- _Work order_: From the entries below, copy out every line with "else" in it.

-*-

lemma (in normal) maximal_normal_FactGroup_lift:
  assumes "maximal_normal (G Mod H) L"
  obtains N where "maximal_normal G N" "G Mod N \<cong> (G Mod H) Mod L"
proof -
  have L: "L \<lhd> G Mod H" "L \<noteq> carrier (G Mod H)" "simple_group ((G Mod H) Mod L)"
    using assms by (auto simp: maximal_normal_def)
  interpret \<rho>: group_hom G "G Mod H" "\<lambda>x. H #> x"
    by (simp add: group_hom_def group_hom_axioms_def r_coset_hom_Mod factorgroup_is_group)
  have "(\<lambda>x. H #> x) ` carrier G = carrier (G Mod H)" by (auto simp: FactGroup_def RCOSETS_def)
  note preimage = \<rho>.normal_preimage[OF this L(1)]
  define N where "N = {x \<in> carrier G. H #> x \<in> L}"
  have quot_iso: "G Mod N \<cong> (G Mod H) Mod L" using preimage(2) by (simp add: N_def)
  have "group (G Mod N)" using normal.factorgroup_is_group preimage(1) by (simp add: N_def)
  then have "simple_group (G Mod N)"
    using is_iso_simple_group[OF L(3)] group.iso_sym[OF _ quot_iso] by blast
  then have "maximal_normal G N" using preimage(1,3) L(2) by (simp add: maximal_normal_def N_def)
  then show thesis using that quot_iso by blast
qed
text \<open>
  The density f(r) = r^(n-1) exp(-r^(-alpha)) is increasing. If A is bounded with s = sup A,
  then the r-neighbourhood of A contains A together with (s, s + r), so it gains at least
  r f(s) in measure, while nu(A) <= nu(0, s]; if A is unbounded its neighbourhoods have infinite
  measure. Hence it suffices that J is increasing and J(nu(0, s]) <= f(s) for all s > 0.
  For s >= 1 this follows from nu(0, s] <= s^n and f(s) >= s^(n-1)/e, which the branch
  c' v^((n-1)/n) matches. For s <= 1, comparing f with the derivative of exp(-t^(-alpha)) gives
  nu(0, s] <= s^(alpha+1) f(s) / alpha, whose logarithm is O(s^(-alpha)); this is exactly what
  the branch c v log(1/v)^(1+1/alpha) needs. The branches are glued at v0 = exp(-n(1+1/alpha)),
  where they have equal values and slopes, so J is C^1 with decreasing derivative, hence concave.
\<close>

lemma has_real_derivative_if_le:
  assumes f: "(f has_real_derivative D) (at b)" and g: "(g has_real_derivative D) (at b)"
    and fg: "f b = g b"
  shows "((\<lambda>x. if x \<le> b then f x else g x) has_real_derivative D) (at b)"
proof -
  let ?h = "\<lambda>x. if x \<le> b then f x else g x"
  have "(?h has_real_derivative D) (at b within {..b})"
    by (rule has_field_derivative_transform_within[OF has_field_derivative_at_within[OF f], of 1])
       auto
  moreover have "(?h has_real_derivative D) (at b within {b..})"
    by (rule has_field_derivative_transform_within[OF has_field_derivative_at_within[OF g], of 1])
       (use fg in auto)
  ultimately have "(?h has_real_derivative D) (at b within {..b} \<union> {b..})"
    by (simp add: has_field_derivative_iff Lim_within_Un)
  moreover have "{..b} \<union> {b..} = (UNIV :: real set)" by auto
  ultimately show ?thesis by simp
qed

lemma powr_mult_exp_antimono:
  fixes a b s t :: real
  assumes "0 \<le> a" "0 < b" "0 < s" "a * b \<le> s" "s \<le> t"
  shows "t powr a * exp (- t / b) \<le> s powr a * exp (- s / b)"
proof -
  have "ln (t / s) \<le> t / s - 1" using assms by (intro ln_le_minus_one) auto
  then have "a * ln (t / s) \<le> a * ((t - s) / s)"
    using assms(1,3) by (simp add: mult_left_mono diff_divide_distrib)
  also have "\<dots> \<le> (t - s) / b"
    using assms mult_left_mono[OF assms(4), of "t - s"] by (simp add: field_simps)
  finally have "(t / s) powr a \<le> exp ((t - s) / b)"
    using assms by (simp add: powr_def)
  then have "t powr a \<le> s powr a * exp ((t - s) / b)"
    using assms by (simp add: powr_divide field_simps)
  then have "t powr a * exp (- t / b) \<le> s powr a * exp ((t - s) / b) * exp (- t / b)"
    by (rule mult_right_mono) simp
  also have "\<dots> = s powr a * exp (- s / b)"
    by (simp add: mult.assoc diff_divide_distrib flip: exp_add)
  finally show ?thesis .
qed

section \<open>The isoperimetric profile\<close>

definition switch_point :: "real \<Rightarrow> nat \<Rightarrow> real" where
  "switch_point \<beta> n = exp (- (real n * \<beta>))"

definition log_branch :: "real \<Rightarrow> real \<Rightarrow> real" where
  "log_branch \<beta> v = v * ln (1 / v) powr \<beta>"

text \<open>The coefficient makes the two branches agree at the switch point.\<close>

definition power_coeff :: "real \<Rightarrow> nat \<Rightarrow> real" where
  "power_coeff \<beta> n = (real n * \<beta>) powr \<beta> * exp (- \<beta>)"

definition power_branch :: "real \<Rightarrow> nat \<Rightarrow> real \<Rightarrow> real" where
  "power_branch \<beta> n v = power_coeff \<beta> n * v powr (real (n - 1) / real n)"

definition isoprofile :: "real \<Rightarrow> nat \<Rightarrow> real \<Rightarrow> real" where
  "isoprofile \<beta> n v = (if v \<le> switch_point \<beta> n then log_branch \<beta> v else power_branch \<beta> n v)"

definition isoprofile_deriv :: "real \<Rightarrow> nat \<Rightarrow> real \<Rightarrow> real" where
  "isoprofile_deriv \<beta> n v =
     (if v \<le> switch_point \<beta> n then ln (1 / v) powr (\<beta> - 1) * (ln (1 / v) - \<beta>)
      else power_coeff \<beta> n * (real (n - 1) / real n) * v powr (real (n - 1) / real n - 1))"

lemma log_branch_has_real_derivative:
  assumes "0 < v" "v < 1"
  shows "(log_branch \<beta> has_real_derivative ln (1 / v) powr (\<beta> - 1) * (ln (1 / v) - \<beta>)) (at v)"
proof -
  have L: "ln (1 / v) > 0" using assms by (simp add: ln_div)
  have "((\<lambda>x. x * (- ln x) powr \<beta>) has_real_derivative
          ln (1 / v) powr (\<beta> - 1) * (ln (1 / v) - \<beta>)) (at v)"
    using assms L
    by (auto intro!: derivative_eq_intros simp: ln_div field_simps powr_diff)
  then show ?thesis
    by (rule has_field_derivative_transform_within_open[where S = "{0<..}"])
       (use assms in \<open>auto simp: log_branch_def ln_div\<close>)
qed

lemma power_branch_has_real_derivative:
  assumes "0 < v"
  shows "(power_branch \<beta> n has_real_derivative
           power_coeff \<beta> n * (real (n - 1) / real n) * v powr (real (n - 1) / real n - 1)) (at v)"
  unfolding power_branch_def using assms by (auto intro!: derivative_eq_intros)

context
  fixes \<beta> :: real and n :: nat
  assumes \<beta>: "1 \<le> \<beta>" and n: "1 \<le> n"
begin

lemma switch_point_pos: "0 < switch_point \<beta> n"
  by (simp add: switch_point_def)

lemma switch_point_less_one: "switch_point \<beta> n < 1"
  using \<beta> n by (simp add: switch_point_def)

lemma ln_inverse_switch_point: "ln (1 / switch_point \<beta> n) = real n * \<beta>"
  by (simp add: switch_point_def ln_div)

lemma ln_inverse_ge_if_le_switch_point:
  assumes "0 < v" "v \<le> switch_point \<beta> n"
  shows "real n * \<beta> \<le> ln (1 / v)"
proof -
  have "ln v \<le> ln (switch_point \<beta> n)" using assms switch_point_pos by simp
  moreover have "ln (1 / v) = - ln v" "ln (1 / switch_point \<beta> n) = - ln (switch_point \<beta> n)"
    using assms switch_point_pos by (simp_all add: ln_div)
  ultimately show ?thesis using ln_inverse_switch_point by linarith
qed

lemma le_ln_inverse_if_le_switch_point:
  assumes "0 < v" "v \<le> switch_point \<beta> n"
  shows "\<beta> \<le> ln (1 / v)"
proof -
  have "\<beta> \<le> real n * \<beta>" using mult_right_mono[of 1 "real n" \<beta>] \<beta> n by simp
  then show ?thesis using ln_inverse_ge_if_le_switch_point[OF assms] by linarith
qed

-*-

- _Exercise result_:
  shows "((\<lambda>x. if x \<le> b then f x else g x) has_real_derivative D) (at b)"
  let ?h = "\<lambda>x. if x \<le> b then f x else g x"
  "isoprofile \<beta> n v = (if v \<le> switch_point \<beta> n then log_branch \<beta> v else power_branch \<beta> n v)"
      else power_coeff \<beta> n * (real (n - 1) / real n) * v powr (real (n - 1) / real n - 1))"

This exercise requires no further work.